==== Supplied material ====

section \<open>Prime tournaments without \<open>D\<^sub>4\<close> are locally transitive\<close>

lemma cyclic_triangle_dominates_out_closed:
  assumes T: "tournament V E" and lt: "out_locally_transitive V E"
    and V: "a \<in> V" "b \<in> V" "c \<in> V" "w \<in> V" "y \<in> V"
    and abc: "cyclic_triangle E a b c" and w: "E a w" "E b w" "E c w" and wy: "E w y"
  shows "E a y \<and> E b y \<and> E c y"
proof -
  have no_dom: "\<not> (E d p \<and> E d q \<and> E d r \<and> cyclic_triangle E p q r)"
    if "d \<in> V" "p \<in> V" "q \<in> V" "r \<in> V" for d p q r
    using lt that unfolding out_locally_transitive_def by blast
  \<comment> \<open>a triangle edge \<open>p \<rightarrow> q\<close> with \<open>y \<rightarrow> p\<close> and \<open>q \<rightarrow> y\<close> makes \<open>r\<close> or \<open>q\<close> dominate a
      cyclic triangle through \<open>w\<close> and \<open>y\<close>\<close>
  have switch: False
    if pqr: "cyclic_triangle E p q r" "p \<in> V" "q \<in> V" "r \<in> V"
      and "E p w" "E q w" "E r w" "E y p" "E q y" for p q r
  proof (cases "E r y")
    case True
    then show False
      using no_dom[of r p w y] that V wy unfolding cyclic_triangle_def by blast
  next
    case False
    have "y \<noteq> r" using tournament_asym[OF T] V \<open>r \<in> V\<close> \<open>E r w\<close> wy by blast
    then have "E y r" using tournament_total[OF T] V \<open>r \<in> V\<close> False by blast
    then show False
      using no_dom[of q r w y] that V wy unfolding cyclic_triangle_def by blast
  qed
  have "y \<noteq> a" "y \<noteq> b" "y \<noteq> c" using tournament_asym[OF T] V w wy by blast+
  then have "E a y \<or> E y a" "E b y \<or> E y b" "E c y \<or> E y c"
    using tournament_total[OF T] V by blast+
  moreover have "\<not> (E y a \<and> E y b \<and> E y c)" using no_dom[of y a b c] V abc by blast
  moreover have "cyclic_triangle E b c a" "cyclic_triangle E c a b"
    using abc unfolding cyclic_triangle_def by blast+
  ultimately show ?thesis
    using switch[of a b c] switch[of b c a] switch[of c a b] V w abc by blast
qed

lemma prime_out_locally_transitive_converse:
  assumes T: "tournament V E" and P: "prime_tournament V E" and lt: "out_locally_transitive V E"
  shows "out_locally_transitive V E\<inverse>\<inverse>"
  unfolding out_locally_transitive_def cyclic_triangle_def conversep_iff
proof (intro ballI impI notI)
  fix v a b c assume V: "v \<in> V" "a \<in> V" "b \<in> V" "c \<in> V"
    and dom: "E a v \<and> E b v \<and> E c v" and "E b a \<and> E c b \<and> E a c"
  then have acb: "cyclic_triangle E a c b" unfolding cyclic_triangle_def by simp
  define B where "B = {w \<in> V. E a w \<and> E c w \<and> E b w}"
  have "homogeneous V E (V - B)"
    unfolding homogeneous_def
  proof (intro conjI ballI)
    fix z assume "z \<in> V - (V - B)"
    then have z: "z \<in> V" "z \<in> B" by auto
    have "E x z" if "x \<in> V - B" for x
    proof (rule ccontr)
      assume "\<not> E x z"
      moreover have "x \<noteq> z" using that z by blast
      ultimately have "E z x" using tournament_total[OF T] z that by blast
      then have "x \<in> B"
        using cyclic_triangle_dominates_out_closed[OF T lt V(2,4,3) _ _ acb] z that
        unfolding B_def by blast
      then show False using that by blast
    qed
    then show "(\<forall>x\<in>V - B. E z x) \<or> (\<forall>x\<in>V - B. E x z)" by blast
  qed blast
  moreover have "a \<in> V - B" "c \<in> V - B"
    using V tournament_irrefl[OF T] unfolding B_def by blast+
  moreover have "v \<notin> V - B" using V dom acb unfolding B_def cyclic_triangle_def by blast
  ultimately have "a = c"
    using prime_tournament_homogeneous_eq[OF _ P] T V(1) unfolding tournament_def by blast
  then show False using acb tournament_irrefl[OF T V(2)] unfolding cyclic_triangle_def by blast
qed

section \<open>Prime locally transitive tournaments are circulant\<close>

lemma up_closed_eq_atLeastAtMost:
  fixes U :: "nat set"
  assumes "U \<subseteq> {..k}" "\<And>i j. i \<in> U \<Longrightarrow> i \<le> j \<Longrightarrow> j \<le> k \<Longrightarrow> j \<in> U"
  shows "U = {k + 1 - card U..k}"
proof (cases "U = {}")
  case False
  have "finite U" using assms(1) finite_subset by blast
  have "U = {Min U..k}"
  proof
    show "U \<subseteq> {Min U..k}" using \<open>finite U\<close> assms(1) by auto
    show "{Min U..k} \<subseteq> U" using assms(2)[OF Min_in[OF \<open>finite U\<close> False]] by auto
  qed
  moreover have "Min U \<le> k" using False \<open>finite U\<close> assms(1) Min_in by blast
  ultimately show ?thesis by (metis card_atLeastAtMost diff_diff_cancel le_SucI Suc_eq_plus1)
qed simp

locale prime_locally_transitive =
  fixes V :: "'a set" and E :: "'a \<Rightarrow> 'a \<Rightarrow> bool" and v0 :: 'a
  assumes tournament: "tournament V E"
    and prime: "prime_tournament V E"
    and locally_transitive: "locally_transitive V E"
    and card_V: "3 \<le> card V"
    and v0: "v0 \<in> V"
begin

definition Out :: "'a set" where "Out = {x \<in> V. E v0 x}"
definition In :: "'a set" where "In = {y \<in> V. E y v0}"
definition beaten :: "'a \<Rightarrow> 'a set" where "beaten x = {y \<in> In. E x y}"
definition rank :: "'a \<Rightarrow> nat" where "rank x = card (beaten x)"

lemma converse: "prime_locally_transitive V E\<inverse>\<inverse> v0"
  using tournament prime locally_transitive card_V v0
  by unfold_locales
    (simp_all add: tournament_converse prime_tournament_converse locally_transitive_converse)

text \<open>Reversing the edges swaps \<open>Out\<close> and \<open>In\<close>, so \<open>dual.rank y\<close> counts the in-neighbours
  of \<open>y \<in> In\<close> in \<open>Out\<close>. A local interpretation only carries the facts proved so far;
  later facts are transferred through \<open>converse\<close>.\<close>

interpretation dual: prime_locally_transitive V "E\<inverse>\<inverse>" v0
  by (rule converse)

lemma dual_Out: "dual.Out = In"
  unfolding dual.Out_def In_def by simp

lemma dual_In: "dual.In = Out"
  unfolding dual.In_def Out_def by simp

lemma dual_beaten: "dual.beaten y = {x \<in> Out. E x y}"
  unfolding dual.beaten_def dual_In by simp

lemmas irrefl = tournament_irrefl[OF tournament]
  and asym = tournament_asym[OF tournament]
  and total = tournament_total[OF tournament]

lemma finite_V: "finite V"
  using tournament unfolding tournament_def by blast

lemma Out_subset: "Out \<subseteq> V" and In_subset: "In \<subseteq> V"
  unfolding Out_def In_def by auto

lemma finite_Out: "finite Out" and finite_In: "finite In"
  using Out_subset In_subset finite_V finite_subset by auto

lemma v0_notin_Out: "v0 \<notin> Out" and v0_notin_In: "v0 \<notin> In"
  unfolding Out_def In_def using irrefl v0 by auto

lemma Out_In_disjoint: "x \<in> Out \<Longrightarrow> x \<notin> In"
  unfolding Out_def In_def using asym v0 by blast

lemma V_eq: "V = insert v0 (Out \<union> In)"
  unfolding Out_def In_def using v0 total by auto

lemma card_V_eq: "card V = card Out + card In + 1"
proof -
  have "card (Out \<union> In) = card Out + card In"
    using finite_Out finite_In Out_In_disjoint by (intro card_Un_disjoint) auto
  moreover have "card V = Suc (card (Out \<union> In))"
    by (subst V_eq) (use finite_Out finite_In v0_notin_Out v0_notin_In in simp)
  ultimately show ?thesis by simp
qed

lemma no_dominated_triangle:
  assumes "v \<in> V" "a \<in> V" "b \<in> V" "c \<in> V" "E a v" "E b v" "E c v" "cyclic_triangle E a b c"
  shows False
  using locally_transitive assms
  unfolding locally_transitive_def out_locally_transitive_def cyclic_triangle_def
  by (metis conversep_iff)

lemma Out_nonempty: "Out \<noteq> {}"
proof
  assume "Out = {}"
  then have "homogeneous V E (V - {v0})"
    unfolding homogeneous_def using V_eq In_def by auto
  moreover have "2 \<le> card (V - {v0})" using card_V v0 finite_V by simp
  then obtain x y where "x \<in> V - {v0}" "y \<in> V - {v0}" "x \<noteq> y"
    by (metis card_le_Suc0_iff_eq finite_V finite_Diff not_less_eq_eq numeral_2_eq_2)
  ultimately show False
    using prime_tournament_homogeneous_eq[OF finite_V prime _ _ _ v0] by blast
qed

lemma In_nonempty: "In \<noteq> {}"
  using prime_locally_transitive.Out_nonempty[OF converse] unfolding dual_Out .

lemma beaten_mono:
  assumes x: "x \<in> Out" and x': "x' \<in> Out" and "E x x'"
  shows "beaten x \<subseteq> beaten x'"
proof
  fix y assume "y \<in> beaten x"
  then have y: "y \<in> In" "E x y" unfolding beaten_def by auto
  have "E x' y"
  proof (rule ccontr)
    assume "\<not> E x' y"
    moreover have "x' \<noteq> y" using x' y(1) Out_In_disjoint by blast
    ultimately have "E y x'" using total x' y(1) Out_subset In_subset by blast
    then show False
      using no_dominated_triangle[of x' x y v0] x x' y \<open>E x x'\<close> v0 Out_subset In_subset
      unfolding Out_def In_def cyclic_triangle_def by blast
  qed
  then show "y \<in> beaten x'" using y unfolding beaten_def by blast
qed

lemma finite_beaten: "finite (beaten x)"
  unfolding beaten_def using finite_In by simp

lemma rank_mono: "x \<in> Out \<Longrightarrow> x' \<in> Out \<Longrightarrow> E x x' \<Longrightarrow> rank x \<le> rank x'"
  unfolding rank_def using beaten_mono finite_beaten by (intro card_mono)

lemma rank_le: "rank x \<le> card In"
  unfolding rank_def beaten_def using finite_In by (intro card_mono) auto

lemma rank_less_imp_edge:
  assumes "x \<in> Out" "x' \<in> Out" "rank x < rank x'"
  shows "E x x'"
proof -
  have "\<not> E x' x" using rank_mono[OF assms(2,1)] assms(3) by linarith
  moreover have "x \<noteq> x'" using assms(3) by blast
  ultimately show ?thesis using total assms(1,2) Out_subset by blast
qed

lemma beaten_eq_of_rank_eq:
  assumes "x \<in> Out" "x' \<in> Out" "rank x = rank x'"
  shows "beaten x = beaten x'"
proof (cases "E x x'")
  case True
  then show ?thesis
    using beaten_mono assms finite_beaten card_subset_eq unfolding rank_def by metis
next
  case False
  then have "x = x' \<or> E x' x" using total assms(1,2) Out_subset by blast
  then show ?thesis
    using beaten_mono assms finite_beaten card_subset_eq unfolding rank_def by metis
qed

====

Required action
Of the lines above, output exactly those from the line bearing "unfolding dual.Out_def In_def by simp" through the line bearing "and asym = tournament_asym[OF tournament]", inclusive.

Response area
  unfolding dual.Out_def In_def by simp

lemma dual_In: "dual.In = Out"
  unfolding dual.In_def Out_def by simp

lemma dual_beaten: "dual.beaten y = {x \<in> Out. E x y}"
  unfolding dual.beaten_def dual_In by simp

lemmas irrefl = tournament_irrefl[OF tournament]
  and asym = tournament_asym[OF tournament]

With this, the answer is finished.